## DATA FOR THIS TASK

***

definition iotaR :: "nat \<Rightarrow> 'a::field fls \<Rightarrow> 'a fls" where
  "iotaR q x = Abs_fls (\<lambda>l. THE y. y ^ q = fls_nth x l)"

definition WR :: "nat \<Rightarrow> nat \<Rightarrow> nat \<Rightarrow> 'a::field fls mx \<Rightarrow> nat \<Rightarrow> 'a fls mx" where
  "WR p n q A e = rec_nat idm
     (\<lambda>e' W. mmul n (frobm (p ^ e') (\<lambda>i j. iotaR q (A i j))) W) e"

definition SR :: "nat \<Rightarrow> nat \<Rightarrow> nat \<Rightarrow> nat \<Rightarrow> nat \<Rightarrow> 'a::field fls mx \<Rightarrow> 'a fls mx" where
  "SR p n N R q A = msub
     (mmul n (minv n (frobm p (WR p n q A N)))
        (mmul n (\<lambda>i j. embR q R (A i j)) (frobm p (WR p n q A (N - 1))))) idm"

text \<open>Galois group of L over K, where K is embedded in L via phi\<close>
definition galK :: "('k \<Rightarrow> 'l::field) \<Rightarrow> ('l \<Rightarrow> 'l) set" where
  "galK phi = {\<sigma>. bij \<sigma> \<and> (\<forall>x y. \<sigma> (x + y) = \<sigma> x + \<sigma> y) \<and> (\<forall>x y. \<sigma> (x * y) = \<sigma> x * \<sigma> y)
                 \<and> (\<forall>c. \<sigma> (phi c) = phi c)}"

definition is_field_hom :: "('a::field \<Rightarrow> 'b::field) \<Rightarrow> bool" where
  "is_field_hom f \<longleftrightarrow> f 1 = 1 \<and> (\<forall>x y. f (x + y) = f x + f y) \<and> (\<forall>x y. f (x * y) = f x * f y)"

definition is_subfield :: "'a::field set \<Rightarrow> bool" where
  "is_subfield F \<longleftrightarrow> 0 \<in> F \<and> 1 \<in> F \<and> (\<forall>x\<in>F. \<forall>y\<in>F. x + y \<in> F \<and> x * y \<in> F \<and> - x \<in> F)
      \<and> (\<forall>x\<in>F. inverse x \<in> F)"

text \<open>UT_n(F_p): F_p represented by {0..<p}, matrices zero outside indices 1..n\<close>
definition UTFp :: "nat \<Rightarrow> nat \<Rightarrow> nat mx set" where
  "UTFp n p = {M. (\<forall>i j. M i j < p) \<and> (\<forall>i j. (i \<notin> {1..n} \<or> j \<notin> {1..n}) \<longrightarrow> M i j = 0)
     \<and> (\<forall>i\<in>{1..n}. M i i = 1) \<and> (\<forall>i\<in>{1..n}. \<forall>j\<in>{1..n}. j < i \<longrightarrow> M i j = 0)}"

definition UTFp_mult :: "nat \<Rightarrow> nat \<Rightarrow> nat mx \<Rightarrow> nat mx \<Rightarrow> nat mx" where
  "UTFp_mult n p M M' = (\<lambda>i j. if i \<in> {1..n} \<and> j \<in> {1..n}
      then (\<Sum>l\<in>{1..n}. M i l * M' l j) mod p else 0)"

text \<open>L/K is a finite Galois extension with group isomorphic to UT_n(F_p)
 (Artin: Gal finite with fixed field K means L/K finite Galois with that group)\<close>
definition galois_UT :: "nat \<Rightarrow> nat \<Rightarrow> ('k \<Rightarrow> 'l::field) \<Rightarrow> bool" where
  "galois_UT n p phi \<longleftrightarrow>
     {x. \<forall>\<sigma>\<in>galK phi. \<sigma> x = x} = range phi \<and>
     (\<exists>\<psi>. bij_betw \<psi> (galK phi) (UTFp n p) \<and>
        (\<forall>\<sigma>\<in>galK phi. \<forall>\<tau>\<in>galK phi. \<psi> (\<sigma> \<circ> \<tau>) = UTFp_mult n p (\<psi> \<sigma>) (\<psi> \<tau>)))"

end

theory Submission
  imports Defs
begin

text \<open>Put M = W_N^(p), V = W_{N-1}^(p) and C = A_R^(p^N). Then M = C V, so
 S_R = M^(-1) (A - C) V. The entries of M^(-1) and V are series in u_R^p, and their (k,l) entries
 vanish below -q mu_{k,l}. In K_R we have u = u_R^q h with h = (1 + u_R^R)^(-1/R), hence an entry
 a - iota_R(a)^q of A - C equals sum_m a_m u_R^(qm) (h^m - 1). As h^m - 1 only involves positive
 multiples of R and p does not divide R, its terms at exponents divisible by p start at
 q v_K(a) + pR. Superadditivity of mu combines the three bounds: S_{R,i,j} has no terms at
 exponents divisible by p below -q mu_{i,j} + pR, so a valuation below that bound is prime to p.\<close>

section \<open>Roots of Frobenius and the map iota_R\<close>

lemma CHAR_eq_prime:
  assumes "prime p" and "of_nat p = (0::'k::field)"
  shows "CHAR('k) = p"
proof -
  have "CHAR('k) dvd p" using assms(2) by (simp add: of_nat_eq_0_iff_char_dvd)
  moreover have "CHAR('k) \<noteq> 1"
    by (metis of_nat_1 of_nat_CHAR one_neq_zero)
  ultimately show ?thesis using assms(1) prime_nat_iff by auto
qed

lemma CHAR_power_root_unique:
  fixes y z :: "'k::field"
  assumes "prime CHAR('k)" and "y ^ (CHAR('k) ^ e) = z ^ (CHAR('k) ^ e)"
  shows "y = z"
proof -
  have "((y - z) + z) ^ (CHAR('k) ^ e) = (y - z) ^ (CHAR('k) ^ e) + z ^ (CHAR('k) ^ e)"
    by (rule freshmans_dream') (use assms in auto)
  then have "(y - z) ^ (CHAR('k) ^ e) = 0" using assms by simp
  then show ?thesis by simp
qed

lemma alg_closed_root_exists:
  fixes x :: "'k::field"
  assumes alg: "\<forall>f::'k poly. degree f > 0 \<longrightarrow> (\<exists>x. poly f x = 0)" and q: "q > 0"
  shows "\<exists>y. y ^ q = x"
proof -
  let ?f = "[:-x:] + monom 1 q"
  have "degree ?f = q"
    using q by (subst degree_add_eq_right) (auto simp: degree_monom_eq)
  then have "0 < degree ?f" using q by simp
  then obtain y where "poly ?f y = 0" using alg by blast
  then have "y ^ q = x" by (simp add: poly_monom)
  then show ?thesis by blast
qed

lemma the_CHAR_power_root_eq:
  assumes "prime CHAR('k::field)" and "y ^ (CHAR('k) ^ e) = x"
  shows "(THE y::'k. y ^ (CHAR('k) ^ e) = x) = y"
  by (rule the_equality) (use assms CHAR_power_root_unique in auto)

lemma the_CHAR_power_root:
  fixes x :: "'k::field"
  assumes alg: "\<forall>f::'k poly. degree f > 0 \<longrightarrow> (\<exists>x. poly f x = 0)"
    and pc: "prime CHAR('k)"
  shows "(THE y. y ^ (CHAR('k) ^ e) = x) ^ (CHAR('k) ^ e) = x"
proof -
  have "CHAR('k) ^ e > 0" using pc prime_gt_0_nat by simp
  then obtain y where y: "y ^ (CHAR('k) ^ e) = x" using alg_closed_root_exists[OF alg] by blast
  then have "(THE y. y ^ (CHAR('k) ^ e) = x) = y" by (rule the_CHAR_power_root_eq[OF pc])
  with y show ?thesis by simp
qed

lemma the_CHAR_power_root_0:
  "prime CHAR('k::field) \<Longrightarrow> (THE y::'k. y ^ (CHAR('k) ^ e) = 0) = 0"
  by (rule the_CHAR_power_root_eq) (auto simp: prime_gt_0_nat)

lemma the_CHAR_power_root_1:
  "prime CHAR('k::field) \<Longrightarrow> (THE y::'k. y ^ (CHAR('k) ^ e) = 1) = 1"
  by (rule the_CHAR_power_root_eq) auto

lemma iotaR_nth:
  fixes x :: "'k::field fls"
  assumes pc: "prime CHAR('k)"
  shows "fls_nth (iotaR (CHAR('k) ^ e) x) l = (THE y. y ^ (CHAR('k) ^ e) = fls_nth x l)"
proof -
  let ?g = "\<lambda>l. (THE y. y ^ (CHAR('k) ^ e) = fls_nth x l)"
  have "\<forall>n>nat (- fls_subdegree x). ?g (- int n) = 0"
    using the_CHAR_power_root_0[OF pc] by auto
  then have "\<forall>\<^sub>\<infinity> n::nat. ?g (- int n) = 0" unfolding MOST_nat by blast
  then show ?thesis unfolding iotaR_def using nth_Abs_fls by simp
qed

lemma iotaR_0: "prime CHAR('k::field) \<Longrightarrow> iotaR (CHAR('k) ^ e) (0::'k fls) = 0"
  by (rule fls_eqI) (simp add: iotaR_nth the_CHAR_power_root_0 del: power_eq_0_iff)

lemma iotaR_1: "prime CHAR('k::field) \<Longrightarrow> iotaR (CHAR('k) ^ e) (1::'k fls) = 1"
  by (rule fls_eqI)
    (simp add: iotaR_nth the_CHAR_power_root_0 the_CHAR_power_root_1 del: power_eq_0_iff)

lemma iotaR_nth_eq_0_iff:
  fixes x :: "'k::field fls"
  assumes pc: "prime CHAR('k)"
    and alg: "\<forall>f::'k poly. degree f > 0 \<longrightarrow> (\<exists>x. poly f x = 0)"
  shows "fls_nth (iotaR (CHAR('k) ^ e) x) l = 0 \<longleftrightarrow> fls_nth x l = 0"
proof
  assume "fls_nth (iotaR (CHAR('k) ^ e) x) l = 0"
  then have "0 ^ (CHAR('k) ^ e) = fls_nth x l"
    using the_CHAR_power_root[OF alg pc, of e "fls_nth x l"] by (simp only: iotaR_nth[OF pc])
  moreover have "(0::'k) ^ (CHAR('k) ^ e) = 0" using pc prime_gt_0_nat by simp
  ultimately show "fls_nth x l = 0" by simp
next
  assume "fls_nth x l = 0"
  then show "fls_nth (iotaR (CHAR('k) ^ e) x) l = 0"
    by (simp only: iotaR_nth[OF pc] the_CHAR_power_root_0[OF pc])
qed

lemma fls_subdegree_iotaR:
  assumes pc: "prime CHAR('k::field)"
    and alg: "\<forall>f::'k poly. degree f > 0 \<longrightarrow> (\<exists>x. poly f x = 0)" and x: "x \<noteq> (0::'k fls)"
  shows "fls_subdegree (iotaR (CHAR('k) ^ e) x) = fls_subdegree x"
  by (rule fls_subdegree_eqI) (use x iotaR_nth_eq_0_iff[OF pc alg] in auto)

lemma fls_eq_sum_monomials:
  fixes f :: "'a::comm_ring_1 fls"
  assumes "finite S" "\<forall>m. m \<notin> S \<longrightarrow> fls_nth f m = 0"
  shows "f = (\<Sum>m\<in>S. fls_const (fls_nth f m) * fls_X_intpow m)"
proof (rule fls_eqI)
  fix k
  have "fls_nth (\<Sum>m\<in>S. fls_const (fls_nth f m) * fls_X_intpow m) k
      = (\<Sum>m\<in>S. if k = m then fls_nth f m else 0)"
    by (simp add: fls_nth_sum if_distrib cong: if_cong)
  also have "\<dots> = fls_nth f k"
    using assms by (auto simp: sum.delta')
  finally show "fls_nth f k = fls_nth (\<Sum>m\<in>S. fls_const (fls_nth f m) * fls_X_intpow m) k" by simp
qed

lemma fls_power_CHAR_power_eq_sum:
  fixes f :: "'k::field fls"
  assumes pc: "prime CHAR('k)" and "finite S" "\<forall>m. m \<notin> S \<longrightarrow> fls_nth f m = 0"
  shows "f ^ (CHAR('k) ^ e) =
    (\<Sum>m\<in>S. fls_const (fls_nth f m ^ (CHAR('k) ^ e)) * fls_X_intpow (int (CHAR('k) ^ e) * m))"
proof -
  have pc': "prime CHAR('k fls)" using pc by simp
  have "f ^ (CHAR('k) ^ e) = (\<Sum>m\<in>S. fls_const (fls_nth f m) * fls_X_intpow m) ^ (CHAR('k fls) ^ e)"
    using fls_eq_sum_monomials[OF assms(2,3)] by simp
  also have "\<dots> = (\<Sum>m\<in>S. (fls_const (fls_nth f m) * fls_X_intpow m) ^ (CHAR('k fls) ^ e))"
    by (rule freshmans_dream_sum'[OF pc']) simp
  also have "\<dots> = (\<Sum>m\<in>S. fls_const (fls_nth f m ^ (CHAR('k) ^ e)) * fls_X_intpow (int (CHAR('k) ^ e) * m))"
    by (simp add: power_mult_distrib fls_const_power fls_X_intpow_power)
  finally show ?thesis .
qed

lemma iotaR_power_eq_sum:
  fixes a :: "'k::field fls"
  assumes pc: "prime CHAR('k)"
    and alg: "\<forall>f::'k poly. degree f > 0 \<longrightarrow> (\<exists>x. poly f x = 0)"
    and "finite S" and supp: "\<forall>m. m \<notin> S \<longrightarrow> fls_nth a m = 0"
  shows "iotaR (CHAR('k) ^ e) a ^ (CHAR('k) ^ e) =
    (\<Sum>m\<in>S. fls_const (fls_nth a m) * fls_X_intpow (int (CHAR('k) ^ e) * m))"
proof -
  have "\<forall>m. m \<notin> S \<longrightarrow> fls_nth (iotaR (CHAR('k) ^ e) a) m = 0"
    using supp iotaR_nth_eq_0_iff[OF pc alg] by blast
  from fls_power_CHAR_power_eq_sum[OF pc \<open>finite S\<close> this] show ?thesis
    by (simp add: iotaR_nth[OF pc] the_CHAR_power_root[OF alg pc])
qed

section \<open>Coefficients at exponents divisible by p\<close>

definition dvd_supported :: "nat \<Rightarrow> 'a::zero fls \<Rightarrow> bool" where
  "dvd_supported p f \<longleftrightarrow> (\<forall>m. \<not> int p dvd m \<longrightarrow> fls_nth f m = 0)"
lemma INT_chain_subset_disj:
  fixes P :: "'a::linorder \<Rightarrow> 'b set"
  assumes mono: "\<And>a b. a \<in> A \<Longrightarrow> b \<in> A \<Longrightarrow> a \<le> b \<Longrightarrow> P a \<subseteq> P b"
    and disj: "\<And>a. a \<in> A \<Longrightarrow> I \<subseteq> P a \<or> J \<subseteq> P a"
  shows "I \<subseteq> (\<Inter>a\<in>A. P a) \<or> J \<subseteq> (\<Inter>a\<in>A. P a)"
proof (rule ccontr)
  assume "\<not> ?thesis"
  then obtain a b where a: "a \<in> A" "\<not> I \<subseteq> P a" and b: "b \<in> A" "\<not> J \<subseteq> P b" by blast
  have "min a b \<in> A" using a b by (simp add: min_def)
  moreover have "P (min a b) \<subseteq> P a" "P (min a b) \<subseteq> P b"
    using mono a b \<open>min a b \<in> A\<close> by simp_all
  ultimately show False using disj a b by blast
qed

theorem proposition3:
  fixes Ns :: "'g::monoid_mult \<Rightarrow> 'n::{group_add, semigroup_mult} set"
    and A :: "'a::linorder set"
    and P :: "'a \<Rightarrow> 'n set"
  assumes "graded_near_ring Ns"
    and "\<And>a. a \<in> A \<Longrightarrow> graded_weakly_prime Ns (P a)"
    and "\<And>a b. a \<in> A \<Longrightarrow> b \<in> A \<Longrightarrow> a \<le> b \<Longrightarrow> P a \<subseteq> P b"
  shows "graded_weakly_prime Ns (\<Inter>a\<in>A. P a)"
proof -
  have "internal_direct_sum Ns" using assms(1) unfolding graded_near_ring_def by blast
  moreover have "graded_ideal Ns (P a)" if "a \<in> A" for a
    using assms(2)[OF that] unfolding graded_weakly_prime_def by blast
  ultimately have "graded_ideal Ns (\<Inter>a\<in>A. P a)" by (rule graded_ideal_INT)
  moreover have "I \<subseteq> (\<Inter>a\<in>A. P a) \<or> J \<subseteq> (\<Inter>a\<in>A. P a)"
    if "graded_ideal Ns I" "graded_ideal Ns J" "ideal_prod I J \<noteq> {0}"
      and "ideal_prod I J \<subseteq> (\<Inter>a\<in>A. P a)" for I J
    using assms(3)
  proof (rule INT_chain_subset_disj)
    fix a assume "a \<in> A"
    then show "I \<subseteq> P a \<or> J \<subseteq> P a"
      using assms(2) that unfolding graded_weakly_prime_def by blast
  qed
  ultimately show ?thesis unfolding graded_weakly_prime_def by blast
qed
theorem proposition2p3:
  fixes d :: nat
    and S :: "nat \<Rightarrow> 'a set"
    and \<pi> :: "(nat \<Rightarrow> 'a) \<Rightarrow> real"
    and M :: "(nat \<Rightarrow> 'a) \<Rightarrow> (nat \<Rightarrow> 'a) \<Rightarrow> real"
    and Ms Ls :: "nat \<Rightarrow> 'a \<Rightarrow> 'a \<Rightarrow> real"
    and f :: "real \<Rightarrow> real"
  assumes d_pos: "1 \<le> d"
    and fin: "\<forall>i\<in>{1..d}. finite (S i)"
    and pi: "prob_mass (prod_space d S) \<pi>"
    and M: "trans_mat (prod_space d S) M"
    and Ms: "\<forall>i\<in>{1..d}. trans_mat (S i) (Ms i)"
    and Ls: "\<forall>i\<in>{1..d}. trans_mat (S i) (Ls i)"
    and f_conv: "convex_on {0..} f"
    and f1: "f 1 = 0"
  shows
    "(fdiv f (prod_space d S) \<pi> M (tensor_mat d Ls) \<ge> 0 \<and>
      ((\<forall>x\<in>prod_space d S. \<pi> x > 0) \<and> strictly_convex_at_1 f \<longrightarrow>
         (fdiv f (prod_space d S) \<pi> M (tensor_mat d Ls) = 0 \<longleftrightarrow>
          (\<forall>x\<in>prod_space d S. \<forall>y\<in>prod_space d S. M x y = tensor_mat d Ls x y))))
   \<and>
    (\<forall>M1 M2 t. trans_mat (prod_space d S) M1 \<and> trans_mat (prod_space d S) M2 \<and>
        0 \<le> t \<and> t \<le> 1 \<longrightarrow>
        fdiv f (prod_space d S) \<pi> (\<lambda>x y. t * M1 x y + (1 - t) * M2 x y) (tensor_mat d Ls)
        \<le> ereal t * fdiv f (prod_space d S) \<pi> M1 (tensor_mat d Ls)
           + ereal (1 - t) * fdiv f (prod_space d S) \<pi> M2 (tensor_mat d Ls))
   \<and>
    (\<forall>\<pi>s. (\<forall>i\<in>{1..d}. prob_mass (S i) (\<pi>s i)) \<longrightarrow>
       fdiv KL_fun (prod_space d S) (tensor_mass d \<pi>s) (tensor_mat d Ms) (tensor_mat d Ls)
       = (\<Sum>i\<in>{1..d}. fdiv KL_fun (S i) (\<pi>s i) (Ms i) (Ls i)))
   \<and>
    (\<forall>\<pi>s. (\<forall>i\<in>{1..d}. prob_mass (S i) (\<pi>s i)) \<longrightarrow>
       Max ((\<lambda>i. fdiv hellinger_fun (S i) (\<pi>s i) (Ms i) (Ls i)) ` {1..d})
         \<le> fdiv hellinger_fun (prod_space d S) (tensor_mass d \<pi>s) (tensor_mat d Ms) (tensor_mat d Ls)
       \<and> fdiv hellinger_fun (prod_space d S) (tensor_mass d \<pi>s) (tensor_mat d Ms) (tensor_mat d Ls)
         \<le> (\<Sum>i\<in>{1..d}. fdiv hellinger_fun (S i) (\<pi>s i) (Ms i) (Ls i)))
   \<and>
    (\<forall>\<pi>s. (\<forall>i\<in>{1..d}. prob_mass (S i) (\<pi>s i)) \<and> \<pi> = tensor_mass d \<pi>s
        \<and> stationary (prod_space d S) \<pi> M \<longrightarrow>
       ((\<forall>i\<in>{1..d}. stationary (S i) (\<pi>s i) (Ls i)) \<longrightarrow>
          fdiv f (prod_space d S) \<pi> M (tensor_mat d Ls)
          = fdiv f (prod_space d S) \<pi> (time_rev \<pi> M) (tensor_mat d (\<lambda>i. time_rev (\<pi>s i) (Ls i))))
     \<and> ((\<forall>i\<in>{1..d}. reversible (S i) (\<pi>s i) (Ls i)) \<longrightarrow>
          fdiv f (prod_space d S) \<pi> M (tensor_mat d Ls)
          = fdiv f (prod_space d S) \<pi> (time_rev \<pi> M) (tensor_mat d Ls)))"
proof -
  have X: "finite (prod_space d S)"
    by (rule finite_prod_space[OF fin])
  have \<pi>_nonneg: "\<forall>x\<in>prod_space d S. 0 \<le> \<pi> x"
    using pi by (simp add: prob_mass_def)
  have TL: "trans_mat (prod_space d S) (tensor_mat d Ls)"
    by (rule trans_mat_tensor_mat[OF fin Ls])
  then have TL_nonneg: "\<forall>x\<in>prod_space d S. \<forall>y\<in>prod_space d S. 0 \<le> tensor_mat d Ls x y"
    by (simp add: trans_mat_def)
  show ?thesis
    using fdiv_nonneg[OF f_conv f1 X \<pi>_nonneg M TL]
      fdiv_eq_0_iff[OF f_conv f1 _ X _ M TL]
      fdiv_convex[OF f_conv \<pi>_nonneg _ _ TL_nonneg]
      fdiv_KL_tensor[OF fin Ms Ls]
      fdiv_hellinger_tensor_bounds[OF d_pos fin Ms Ls]
      fdiv_tensor_time_rev[OF fin M Ls] fdiv_tensor_time_rev_reversible[OF fin M Ls]
    by blast
qed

***

Only one stretch is wanted, so please give again exactly the lines from the start of the data through the line containing "e = rec_nat idm", both ends included.

definition iotaR :: "nat \<Rightarrow> 'a::field fls \<Rightarrow> 'a fls" where
  "iotaR q x = Abs_fls (\<lambda>l. THE y. y ^ q = fls_nth x l)"

definition WR :: "nat \<Rightarrow> nat \<Rightarrow> nat \<Rightarrow> 'a::field fls mx \<Rightarrow> nat \<Rightarrow> 'a fls mx" where
  "WR p n q A e = rec_nat idm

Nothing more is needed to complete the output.